Work task — Using the listing below, work out the number of lines in which "shows" appears; return only that figure.

[[ Information, beginning ]]

(* Let $\mu\in\mathcal M_{a,b,KN^{-1}}(\mathbb T^N)$ be a probability measure and let $B(k)$ be as defined below. For every permutation $(i_1,\dots,i_N)$ of $[1,N]$, every $k\in[1,N]$, $j\in[1,k-1]$, $x_{i_1},\dots,x_{i_{k-1}},x'_{i_j}\in\mathbb T$, and every $\psi\in L^1(\mathbb T^{N-k})$ with $\mathrm{Osc}\,\psi<\infty$, $$\int_{\mathbb T^{N-k}}\psi\,d\boldsymbol\Pi_{[i_{k+1},\dots,i_N]}\big[\mu_{(x_{i_1},\dots,x_{i_j},\dots,x_{i_{k-1}})}-\mu_{(x_{i_1},\dots,x'_{i_j},\dots,x_{i_{k-1}})}\big]\le 2B(k)\,\mathrm{Osc}\,\psi .$$
   Context: $\mathbb T=\mathbb R/\mathbb Z$. $\mu\in\mathcal M_{a,b,L}$ means: $\mu$ has density $\rho\in C^2(\mathbb T^N,(0,\infty))$, and for every $i$ the conditional densities $\rho_{\hat{\boldsymbol x}_i}(x)=\rho(x;\hat{\boldsymbol x}_i)/\int\rho(s;\hat{\boldsymbol x}_i)ds$ lie in $\mathcal V_a:=\{\psi\in C^2(\mathbb T,(0,\infty)):|(\log\psi)'|<a\}$ and satisfy $\theta_b(\rho_{\hat{\boldsymbol x}_i},\rho_{\hat{\boldsymbol x}'_i})\le L|x_j-x'_j|$ when $\hat{\boldsymbol x}_i,\hat{\boldsymbol x}'_i$ differ only in coordinate $j$, where $\theta_b(\psi_1,\psi_2)=\log\beta_b(\psi_1,\psi_2)+\log\beta_b(\psi_2,\psi_1)$, $\beta_b(\psi_1,\psi_2)=\inf\{t>0:t\psi_1-\psi_2\in\mathcal V_b\}$. $\mu_{(x_{i_1},\dots,x_{i_m})}$ is the conditional probability measure of $\mu$ on the torus of the remaining coordinates when coordinates $i_1,\dots,i_m$ are fixed to the given values; $\boldsymbol\Pi_{[i_{k+1},\dots,i_N]}$ is the marginal on coordinates $i_{k+1},\dots,i_N$. $\mathrm{Osc}_j\psi:=\sup\{|\psi(x_j;\hat{\boldsymbol x}_j)-\psi(x'_j;\hat{\boldsymbol x}_j)|\}$, $\mathrm{Osc}\,\psi:=\max_j\mathrm{Osc}_j\psi$, $\mathcal O_\alpha(\mathbb T^m):=\{\psi\in L^1:\mathrm{Osc}_j\psi\le\alpha\ \forall j\}$. $B(k):=\sup\int_{\mathbb T^{N-k}}\psi\,d[\mu_{(x_{i_1},\dots,x_{i_j},\dots,x_{i_k})}-\mu_{(x_{i_1},\dots,x'_{i_j},\dots,x_{i_k})}]$ over $j\in[1,k]$, $\psi\in\mathcal O_1(\mathbb T^{N-k})$, distinct $i_1,\dots,i_k$ and points $x_{i_1},\dots,x_{i_k},x'_{i_j}\in\mathbb T$. *)

theory Defs
  imports "HOL-Probability.Probability_Measure"
begin
lemma alternating_form_vanishes_if_contractions_stabilise:
  fixes V :: "nat \<Rightarrow> nat \<Rightarrow> nat \<Rightarrow> real"
  assumes swap: "\<And>i j k. V j i k = - V i j k"
    and cycle: "\<And>i j k. V i j k = V j k i"
    and stab: "\<And>x. x < 7 \<Longrightarrow> stabilises_phi_split (\<lambda>a m. eta_split m m * V x a m)"
  shows "\<forall>i<7. \<forall>j<7. \<forall>k<7. V i j k = 0"
proof -
  have sort12: "V i j k = - V j i k" if "j < i" for i j k using swap[of j i k] by simp
  have sort23: "V i j k = - V i k j" if "k < j" for i j k using swap cycle by metis
  have diag12: "V i i k = 0" for i k using swap[of i i k] by simp
  have diag23: "V i j j = 0" for i j using diag12[of j i] cycle[of i j j] by simp
  have eq: "(\<Sum>m<7. eta_split m m * V x a m * phi_split m b d)
         + (\<Sum>m<7. eta_split m m * V x b m * phi_split a m d)
         + (\<Sum>m<7. eta_split m m * V x d m * phi_split a b m) = 0"
    if "x < 7" "a < 7" "b < 7" "d < 7" for x a b d
    using stab[OF that(1)] that unfolding stabilises_phi_split_def by blast
  note [simp] = lessThan_7_nat phi_split_def alt3_def eta_split_def
  \<comment> \<open>35 instances whose restriction to the 35 components with i < j < k has full rank\<close>
  note eqs = eq[of 0 0 1 3] eq[of 0 0 1 4] eq[of 0 0 1 5] eq[of 0 0 1 6] eq[of 0 0 3 5]
    eq[of 0 0 3 6] eq[of 1 0 1 3] eq[of 1 0 1 4] eq[of 1 0 1 5] eq[of 1 0 1 6]
    eq[of 1 0 3 5] eq[of 1 1 3 6] eq[of 2 0 1 3] eq[of 2 0 1 4] eq[of 2 0 1 5]
    eq[of 2 0 1 6] eq[of 2 0 3 6] eq[of 2 1 3 6] eq[of 3 0 1 3] eq[of 3 0 1 4]
    eq[of 3 0 1 5] eq[of 3 0 3 5] eq[of 3 0 3 6] eq[of 3 1 3 6] eq[of 4 0 1 3]
    eq[of 4 0 1 4] eq[of 4 1 3 6] eq[of 5 0 1 3] eq[of 0 1 3 6] eq[of 1 0 3 6]
    eq[of 2 0 3 5] eq[of 3 0 1 6] eq[of 4 0 1 5] eq[of 5 0 1 4] eq[of 6 0 1 3]
  note sorted_eqs = eqs[simplified, simplified sort12 sort23 diag12 diag23]
  show ?thesis
    unfolding all_less_7_nat
  proof (simp add: sort12 sort23 diag12 diag23, intro conjI)
  qed (use sorted_eqs in linarith)+
qed

theorem lemma3p8:
  fixes br :: "'a::euclidean_space \<Rightarrow> 'a \<Rightarrow> 'a"
    and B :: "'a \<Rightarrow> 'a \<Rightarrow> real"
  assumes "DIM('a) = 7"
    and "lie_bracket br"
    and "two_step_nilpotent br"
    and "scalar_product B"
    and "invariant_form br B"
    and "index_three B"
  shows "\<not> (\<exists>\<phi>. g2_split_compatible \<phi> B \<and> ad_invariant_form br \<phi>)"
proof
  assume "\<exists>\<phi>. g2_split_compatible \<phi> B \<and> ad_invariant_form br \<phi>"
  then obtain \<phi> e c where tri: "trilinear \<phi>" and basis: "is_basis7 e" and "c \<noteq> 0"
    and phi: "\<And>i j k. i < 7 \<Longrightarrow> j < 7 \<Longrightarrow> k < 7 \<Longrightarrow> \<phi> (e i) (e j) (e k) = phi_split i j k"
    and metric: "\<And>i j. i < 7 \<Longrightarrow> j < 7 \<Longrightarrow> B (e i) (e j) = c * eta_split i j"
    and ad: "ad_invariant_form br \<phi>"
    unfolding g2_split_compatible_def by blast
  have "bilinear B" and "bilinear br"
    using assms(2,4) by (auto simp: scalar_product_def lie_bracket_def)
  define V where "V i j k = B (br (e i) (e j)) (e k) / c" for i j k
  have swap: "V j i k = - V i j k" for i j k
    unfolding V_def
    by (simp add: invariant_form_bracket_alternating(1)[OF assms(2,4,5),
          where x = "e i" and y = "e j"])
  have cycle: "V i j k = V j k i" for i j k
    unfolding V_def
    by (simp add: invariant_form_bracket_alternating(2)[OF assms(2,4,5),
          where x = "e i" and y = "e j"])
  have ad_matrix: "br (e x) (e a) = (\<Sum>m<7. (eta_split m m * V x a m) *\<^sub>R e m)" for x a
    unfolding V_def by (rule split_metric_basis_expansion[OF \<open>bilinear B\<close> basis \<open>c \<noteq> 0\<close> metric])
  then have "stabilises_phi_split (\<lambda>a m. eta_split m m * V x a m)" for x
    using ad unfolding ad_invariant_form_def
    by (intro stabilises_phi_split_if_annihilates[OF tri phi, where X = "br (e x)"]) simp_all
  then have "\<forall>i<7. \<forall>j<7. \<forall>k<7. V i j k = 0"
    using alternating_form_vanishes_if_contractions_stabilise swap cycle by blast
  then have "br (e i) (e j) = 0" if "i < 7" "j < 7" for i j
    using ad_matrix that by simp
  then have "br x y = 0" for x y
    using bilinear_eq_0_on_spanning_image[OF \<open>bilinear br\<close>] basis
    unfolding is_basis7_def by blast
  then show False
    using assms(3) by (simp add: two_step_nilpotent_def)
qed
(* Let $M$ be a finite abelian group of order $m$, $J$ a Jacobi function on $M$, and $i\colon\hat{M}\to\hat{M}$ a bijection with $i(x)=x\,i(x^{-1})$ for all $x$, such that $J(\alpha,\beta)=\frac{1}{m}\sum_{x\in\hat{M}}\alpha(i(x))\beta(i(x)x^{-1})$ for all $\alpha,\beta\in M$. Define $x\oplus y=x\,i(x/y)^{-1}$ for $x,y\in\hat{M}$. Then for all $\alpha,\beta,\gamma\in M$, \[ \sum_{\substack{(x\oplus y)\oplus z=1,\\ x,y,z\in\hat{M}}}\alpha(x)\beta(y)\gamma(z)=\sum_{\substack{x\oplus(y\oplus z)=1,\\ x,y,z\in\hat{M}}}\alpha(x)\beta(y)\gamma(z). \]
   Context: $\hat{M}$ is the Pontryagin dual of $M$, written multiplicatively with identity $1$; for $\alpha\in M$, $x\in\hat{M}$, $\alpha(x)$ is the value of the character $x$ at $\alpha$. $\delta(\alpha)=1$ if $\alpha$ is the identity of $M$ and $0$ otherwise. A Jacobi function on $M$ is a function $J\colon M\times M\to\mathbf{C}$ satisfying: (A) $J(\alpha,\beta)=J(\beta,\alpha)$; (B) with $J^*(\alpha,\beta)=-\delta(\alpha)-\delta(\beta)+J(\alpha,\beta)$, $J^*(\alpha,\beta)J^*(\alpha\beta,\gamma)=J^*(\alpha,\beta\gamma)J^*(\beta,\gamma)$; (C) $\sum_{\beta\in M}J(\alpha_1\beta,\alpha_2\beta^{-1})J(\alpha_3\beta,\alpha_4\beta^{-1})=J(\alpha_1\alpha_4,\alpha_2\alpha_3)$; all for all elements of $M$. *)

theory Defs
  imports Complex_Main "HOL-Algebra.Group"
begin

text \<open>A character is represented as a function on the
  underlying type, with value 1 off the carrier (a normalisation convention).\<close>

definition characters :: "('a, 'b) monoid_scheme \<Rightarrow> ('a \<Rightarrow> complex) set" where
  "characters M = {\<chi>. (\<forall>a\<in>carrier M. \<forall>b\<in>carrier M. \<chi> (a \<otimes>\<^bsub>M\<^esub> b) = \<chi> a * \<chi> b)
                      \<and> (\<forall>a\<in>carrier M. cmod (\<chi> a) = 1)
                      \<and> (\<forall>a. a \<notin> carrier M \<longrightarrow> \<chi> a = 1)}"

definition char_one :: "'a \<Rightarrow> complex" where
  "char_one = (\<lambda>_. 1)"

definition char_mult :: "('a \<Rightarrow> complex) \<Rightarrow> ('a \<Rightarrow> complex) \<Rightarrow> ('a \<Rightarrow> complex)" where
  "char_mult x y = (\<lambda>a. x a * y a)"

definition char_inv :: "('a \<Rightarrow> complex) \<Rightarrow> ('a \<Rightarrow> complex)" where
  "char_inv x = (\<lambda>a. inverse (x a))"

[[ Information, end ]]

Response area — 2